## YOUR GOAL
Go through the data below and return each line where the string "notin" appears.

## Stored data
(* Let $G$ be a graph with minimum degree $\delta(G)\ge 2$. Then (1) $G$ has a $\gamma$-set $D$ such that every vertex in $D$ has at least two neighbors in $V_G-D$; and (2) $\gamma(G)=\gamma_{\rm cer}(G)$.
   Context: All graphs are finite and simple; $\delta(G)$ denotes the minimum degree of $G$. A set $D\subseteq V_G$ is a dominating set of $G$ if every vertex of $V_G-D$ has a neighbor in $D$; $\gamma(G)$ is the minimum cardinality of a dominating set, and a $\gamma$-set is a dominating set of cardinality $\gamma(G)$. A set $D\subseteq V_G$ is a certified dominating set of $G$ if $D$ is a dominating set of $G$ and every vertex of $D$ has either zero or at least two neighbors in $V_G-D$; $\gamma_{\rm cer}(G)$ is the minimum cardinality of a certified dominating set of $G$. *)

theory Defs
  imports Main
begin

definition graph :: "'a set \<Rightarrow> ('a \<Rightarrow> 'a \<Rightarrow> bool) \<Rightarrow> bool" where
  "graph V E \<longleftrightarrow> finite V \<and> (\<forall>u v. E u v \<longrightarrow> u \<in> V \<and> v \<in> V)
     \<and> (\<forall>u v. E u v \<longrightarrow> E v u) \<and> (\<forall>v. \<not> E v v)"

definition neighbors :: "'a set \<Rightarrow> ('a \<Rightarrow> 'a \<Rightarrow> bool) \<Rightarrow> 'a \<Rightarrow> 'a set" where
  "neighbors V E v = {u \<in> V. E v u}"

definition degree :: "'a set \<Rightarrow> ('a \<Rightarrow> 'a \<Rightarrow> bool) \<Rightarrow> 'a \<Rightarrow> nat" where
  "degree V E v = card (neighbors V E v)"

definition min_degree :: "'a set \<Rightarrow> ('a \<Rightarrow> 'a \<Rightarrow> bool) \<Rightarrow> nat" where
  "min_degree V E = Min (degree V E ` V)"

definition dominating_set :: "'a set \<Rightarrow> ('a \<Rightarrow> 'a \<Rightarrow> bool) \<Rightarrow> 'a set \<Rightarrow> bool" where
  "dominating_set V E D \<longleftrightarrow> D \<subseteq> V \<and> (\<forall>v \<in> V - D. \<exists>u \<in> D. E v u)"

definition domination_number :: "'a set \<Rightarrow> ('a \<Rightarrow> 'a \<Rightarrow> bool) \<Rightarrow> nat" where
  "domination_number V E = Min (card ` {D. dominating_set V E D})"

definition gamma_set :: "'a set \<Rightarrow> ('a \<Rightarrow> 'a \<Rightarrow> bool) \<Rightarrow> 'a set \<Rightarrow> bool" where
  "gamma_set V E D \<longleftrightarrow> dominating_set V E D \<and> card D = domination_number V E"

definition certified_dominating_set :: "'a set \<Rightarrow> ('a \<Rightarrow> 'a \<Rightarrow> bool) \<Rightarrow> 'a set \<Rightarrow> bool" where
  "certified_dominating_set V E D \<longleftrightarrow> dominating_set V E D \<and>
     (\<forall>v \<in> D. card (neighbors V E v - D) = 0 \<or> card (neighbors V E v - D) \<ge> 2)"

definition certified_domination_number :: "'a set \<Rightarrow> ('a \<Rightarrow> 'a \<Rightarrow> bool) \<Rightarrow> nat" where
  "certified_domination_number V E = Min (card ` {D. certified_dominating_set V E D})"

end

theory Submission
  imports Defs
begin

text \<open>Among all \<gamma>-sets choose one, D, with the largest number of edges between D and V - D.
If some v \<in> D had at most one neighbour outside D, then (as \<delta> \<ge> 2) v has a neighbour in D.
Either D - {v} still dominates, contradicting minimality, or v has exactly one outside
neighbour u whose only neighbour in D is v; then exchanging v for u gives another \<gamma>-set
with strictly more cut edges. Such a D is certified, which forces \<gamma> = \<gamma>_cer.\<close>

lemma finite_dominating_sets:
  assumes "graph V E"
  shows "finite {D. dominating_set V E D}"
proof -
  have "{D. dominating_set V E D} \<subseteq> Pow V" by (auto simp: dominating_set_def)
  then show ?thesis using assms by (auto simp: graph_def intro: finite_subset)
qed

lemma dominating_set_vertices: "dominating_set V E V"
  by (simp add: dominating_set_def)

lemma domination_number_le:
  assumes "graph V E" "dominating_set V E D"
  shows "domination_number V E \<le> card D"
  unfolding domination_number_def using finite_dominating_sets[OF assms(1)] assms(2) by auto

lemma gamma_set_exists:
  assumes "graph V E"
  shows "\<exists>D. gamma_set V E D"
proof -
  have "domination_number V E \<in> card ` {D. dominating_set V E D}"
    unfolding domination_number_def using finite_dominating_sets[OF assms] dominating_set_vertices
    by (intro Min_in) auto
  then show ?thesis unfolding gamma_set_def by auto
qed

lemma gamma_set_remove_not_dominating:
  assumes "graph V E" "gamma_set V E D" "v \<in> D"
  shows "\<not> dominating_set V E (D - {v})"
proof
  assume "dominating_set V E (D - {v})"
  then have "domination_number V E \<le> card (D - {v})" by (rule domination_number_le[OF assms(1)])
  moreover have "finite D" using assms(1,2) finite_subset
    by (auto simp: gamma_set_def dominating_set_def graph_def)
  ultimately show False using assms(2,3) card_Diff1_less[of D v] by (simp add: gamma_set_def)
qed

lemma degree_ge_min_degree:
  assumes "graph V E" "v \<in> V"
  shows "min_degree V E \<le> card (neighbors V E v)"
  using assms by (auto simp: min_degree_def degree_def graph_def)

lemma neighbors_sym: "graph V E \<Longrightarrow> x \<in> V \<Longrightarrow> E x v \<Longrightarrow> x \<in> neighbors V E v"
  by (auto simp: graph_def neighbors_def)

lemma dominating_set_remove:
  assumes "graph V E" "dominating_set V E D" "w \<in> D - {v}" "E v w"
    and outside: "\<And>x. x \<in> neighbors V E v - D \<Longrightarrow> \<exists>z \<in> D - {v}. E x z"
  shows "dominating_set V E (D - {v})"
  unfolding dominating_set_def
proof (intro conjI ballI)
  show "D - {v} \<subseteq> V" using assms(2) by (auto simp: dominating_set_def)
  fix x assume x: "x \<in> V - (D - {v})"
  show "\<exists>z \<in> D - {v}. E x z"
  proof (cases "x = v")
    case True then show ?thesis using assms(3,4) by auto
  next
    case False
    then have "x \<in> V - D" using x by auto
    then obtain y where "y \<in> D" "E x y" using assms(2) by (auto simp: dominating_set_def)
    then show ?thesis
      using outside neighbors_sym[OF assms(1)] \<open>x \<in> V - D\<close> by (cases "y = v") auto
  qed
qed

lemma dominating_set_exchange:
  assumes "graph V E" "dominating_set V E D" "w \<in> D - {v}" "E v w" "u \<in> V"
    and outside: "neighbors V E v - D \<subseteq> {u}"
  shows "dominating_set V E (insert u (D - {v}))"
  unfolding dominating_set_def
proof (intro conjI ballI)
  show "insert u (D - {v}) \<subseteq> V" using assms(2,5) by (auto simp: dominating_set_def)
  fix x assume x: "x \<in> V - insert u (D - {v})"
  show "\<exists>z \<in> insert u (D - {v}). E x z"
  proof (cases "x = v")
    case True then show ?thesis using assms(3,4) by auto
  next
    case False
    then have "x \<in> V - D" "x \<noteq> u" using x by auto
    then obtain y where "y \<in> D" "E x y" using assms(2) by (auto simp: dominating_set_def)
    then show ?thesis
      using outside neighbors_sym[OF assms(1)] \<open>x \<in> V - D\<close> \<open>x \<noteq> u\<close> by (cases "y = v") auto
  qed
qed

definition cut_edges :: "('a \<Rightarrow> 'a \<Rightarrow> bool) \<Rightarrow> 'a set \<Rightarrow> ('a \<times> 'a) set" where
  "cut_edges E D = {(x, y). E x y \<and> (x \<in> D \<longleftrightarrow> y \<notin> D)}"

lemma cut_edges_subset: "graph V E \<Longrightarrow> cut_edges E D \<subseteq> V \<times> V"
  by (auto simp: cut_edges_def graph_def)

lemma card_cut_edges_le: "graph V E \<Longrightarrow> card (cut_edges E D) \<le> card (V \<times> V)"
  by (intro card_mono cut_edges_subset) (simp_all add: graph_def)

text \<open>The edge v w (with w \<in> D) becomes a cut edge, and the only cut edge at v, namely v u,
stays one; no edge at u is lost since v is the only neighbour of u in D.\<close>

lemma cut_edges_exchange_psubset:
  assumes "graph V E" "v \<in> D" "w \<in> D" "E v w" "u \<notin> D"
    and outside: "neighbors V E v - D \<subseteq> {u}"
    and unique_dominator: "\<And>z. z \<in> D - {v} \<Longrightarrow> \<not> E u z"
  shows "cut_edges E D \<subset> cut_edges E (insert u (D - {v}))"
proof -
  have sym: "\<And>x y. E x y \<Longrightarrow> E y x" and inV: "\<And>x y. E x y \<Longrightarrow> y \<in> V"
    and "v \<noteq> w" using assms(1,4) unfolding graph_def by metis+
  let ?D' = "insert u (D - {v})"
  have kept: "a \<in> ?D' \<longleftrightarrow> b \<notin> ?D'" if "a \<in> D" "b \<notin> D" "E a b" for a b
  proof (cases "a = v")
    case True
    then have "b \<in> neighbors V E v - D" using that inV by (simp add: neighbors_def)
    then have "b = u" using outside by blast
    then show ?thesis using True assms(2,5) by auto
  next
    case False
    then have "b \<noteq> u" using unique_dominator that sym by blast
    then show ?thesis using that False by auto
  qed
  have "cut_edges E D \<subseteq> cut_edges E ?D'"
  proof
    fix p assume "p \<in> cut_edges E D"
    then obtain x y where p: "p = (x, y)" "E x y" "x \<in> D \<longleftrightarrow> y \<notin> D"
      by (auto simp: cut_edges_def)
    then have "x \<in> ?D' \<longleftrightarrow> y \<notin> ?D'"
      using kept[of x y] kept[of y x] sym by (cases "x \<in> D") auto
    then show "p \<in> cut_edges E ?D'" using p by (simp add: cut_edges_def)
  qed
  moreover have "(v, w) \<notin> cut_edges E D" "(v, w) \<in> cut_edges E ?D'"
    using assms(2-5) \<open>v \<noteq> w\<close> by (auto simp: cut_edges_def)
  ultimately show ?thesis by blast
qed

lemma gamma_set_max_cut_edges_exists:
  assumes "graph V E"
  shows "\<exists>D. gamma_set V E D \<and>
    (\<forall>D'. gamma_set V E D' \<longrightarrow> card (cut_edges E D') \<le> card (cut_edges E D))"
proof -
  obtain D0 where "gamma_set V E D0" using gamma_set_exists[OF assms] by blast
  moreover have "\<forall>D. gamma_set V E D \<longrightarrow> card (cut_edges E D) < Suc (card (V \<times> V))"
    using card_cut_edges_le[OF assms] by (simp add: less_Suc_eq_le)
  ultimately show ?thesis by (rule Lattices_Big.ex_has_greatest_nat)
qed

lemma max_cut_gamma_set_two_outside_neighbors:
  assumes g: "graph V E" and md: "min_degree V E \<ge> 2" and gD: "gamma_set V E D"
    and max: "\<And>D'. gamma_set V E D' \<Longrightarrow> card (cut_edges E D') \<le> card (cut_edges E D)"
    and vD: "v \<in> D"
  shows "card (neighbors V E v - D) \<ge> 2"
proof (rule ccontr)
  let ?N = "neighbors V E v"
  assume "\<not> ?thesis"
  then have few: "card (?N - D) \<le> 1" by simp
  have domD: "dominating_set V E D" using gD by (simp add: gamma_set_def)
  have finV: "finite V" using g by (simp add: graph_def)
  have DV: "D \<subseteq> V" using domD by (simp add: dominating_set_def)
  have "card ?N \<ge> 2" using degree_ge_min_degree[OF g, of v] vD DV md by auto
  with few have "?N - D \<noteq> ?N" by auto
  then obtain w where "w \<in> D" "E v w" by (auto simp: neighbors_def)
  moreover have "\<not> E v v" using g unfolding graph_def by blast
  ultimately have wD: "w \<in> D - {v}" by auto
  show False
  proof (cases "\<forall>x \<in> ?N - D. \<exists>z \<in> D - {v}. E x z")
    case True
    then show False
      using dominating_set_remove[OF g domD wD \<open>E v w\<close>] gamma_set_remove_not_dominating[OF g gD vD]
      by blast
  next
    case False
    then obtain u where uN: "u \<in> ?N - D" and unique_dominator: "\<And>z. z \<in> D - {v} \<Longrightarrow> \<not> E u z"
      by blast
    have "finite (?N - D)" using finV by (simp add: neighbors_def)
    then have outside: "?N - D \<subseteq> {u}" using few uN by (auto simp: card_le_Suc0_iff_eq)
    have uV: "u \<in> V" "u \<notin> D" using uN by (auto simp: neighbors_def)
    let ?D' = "insert u (D - {v})"
    have "finite D" using DV finV finite_subset by blast
    then have "card ?D' = card D"
      using vD uV(2) by (metis DiffD1 card_Suc_Diff1 card_insert_disjoint finite_Diff)
    then have "gamma_set V E ?D'"
      using dominating_set_exchange[OF g domD wD \<open>E v w\<close> uV(1) outside] gD
      by (simp add: gamma_set_def)
    moreover have "cut_edges E D \<subset> cut_edges E ?D'"
      using cut_edges_exchange_psubset[OF g vD _ \<open>E v w\<close> uV(2) outside unique_dominator] wD by blast
    moreover have "finite (cut_edges E ?D')"
      using finite_subset[OF cut_edges_subset[OF g]] finV by blast
    ultimately show False using max psubset_card_mono by (metis not_le)
  qed
qed

lemma certified_domination_number_eq:
  assumes g: "graph V E" and "gamma_set V E D" "certified_dominating_set V E D"
  shows "domination_number V E = certified_domination_number V E"
proof -
  have sub: "{C. certified_dominating_set V E C} \<subseteq> {C. dominating_set V E C}"
    by (auto simp: certified_dominating_set_def)
  then have fin: "finite {C. certified_dominating_set V E C}"
    using finite_dominating_sets[OF g] finite_subset by blast
  have "certified_domination_number V E \<le> card D"
    unfolding certified_domination_number_def using fin assms(3) by (intro Min_le) auto
  then have "certified_domination_number V E \<le> domination_number V E"
    using assms(2) by (simp add: gamma_set_def)
  moreover have "certified_domination_number V E \<in> card ` {C. certified_dominating_set V E C}"
    unfolding certified_domination_number_def using fin assms(3) by (intro Min_in) auto
  then have "domination_number V E \<le> certified_domination_number V E"
    using domination_number_le[OF g] sub by auto
  ultimately show ?thesis by simp
qed

theorem corollary2p3:
  fixes V :: "'a set" and E :: "'a \<Rightarrow> 'a \<Rightarrow> bool"
  assumes "graph V E" and "V \<noteq> {}" and "min_degree V E \<ge> 2"
  shows "(\<exists>D. gamma_set V E D \<and> (\<forall>v \<in> D. card (neighbors V E v - D) \<ge> 2))
       \<and> domination_number V E = certified_domination_number V E"
proof -
  obtain D where gD: "gamma_set V E D"
    and max: "\<And>D'. gamma_set V E D' \<Longrightarrow> card (cut_edges E D') \<le> card (cut_edges E D)"
    using gamma_set_max_cut_edges_exists[OF assms(1)] by blast
  have two: "\<forall>v \<in> D. card (neighbors V E v - D) \<ge> 2"
    using max_cut_gamma_set_two_outside_neighbors[OF assms(1,3) gD max] by blast
  have "certified_dominating_set V E D"
    using gD two by (auto simp: certified_dominating_set_def gamma_set_def)
  then show ?thesis using gD two certified_domination_number_eq[OF assms(1) gD] by blast
qed

end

## SOLVED PROBLEM
  "cut_edges E D = {(x, y). E x y \<and> (x \<in> D \<longleftrightarrow> y \<notin> D)}"
  assumes "graph V E" "v \<in> D" "w \<in> D" "E v w" "u \<notin> D"
  have kept: "a \<in> ?D' \<longleftrightarrow> b \<notin> ?D'" if "a \<in> D" "b \<notin> D" "E a b" for a b
    then obtain x y where p: "p = (x, y)" "E x y" "x \<in> D \<longleftrightarrow> y \<notin> D"
    then have "x \<in> ?D' \<longleftrightarrow> y \<notin> ?D'"
  moreover have "(v, w) \<notin> cut_edges E D" "(v, w) \<in> cut_edges E ?D'"
    have uV: "u \<in> V" "u \<notin> D" using uN by (auto simp: neighbors_def)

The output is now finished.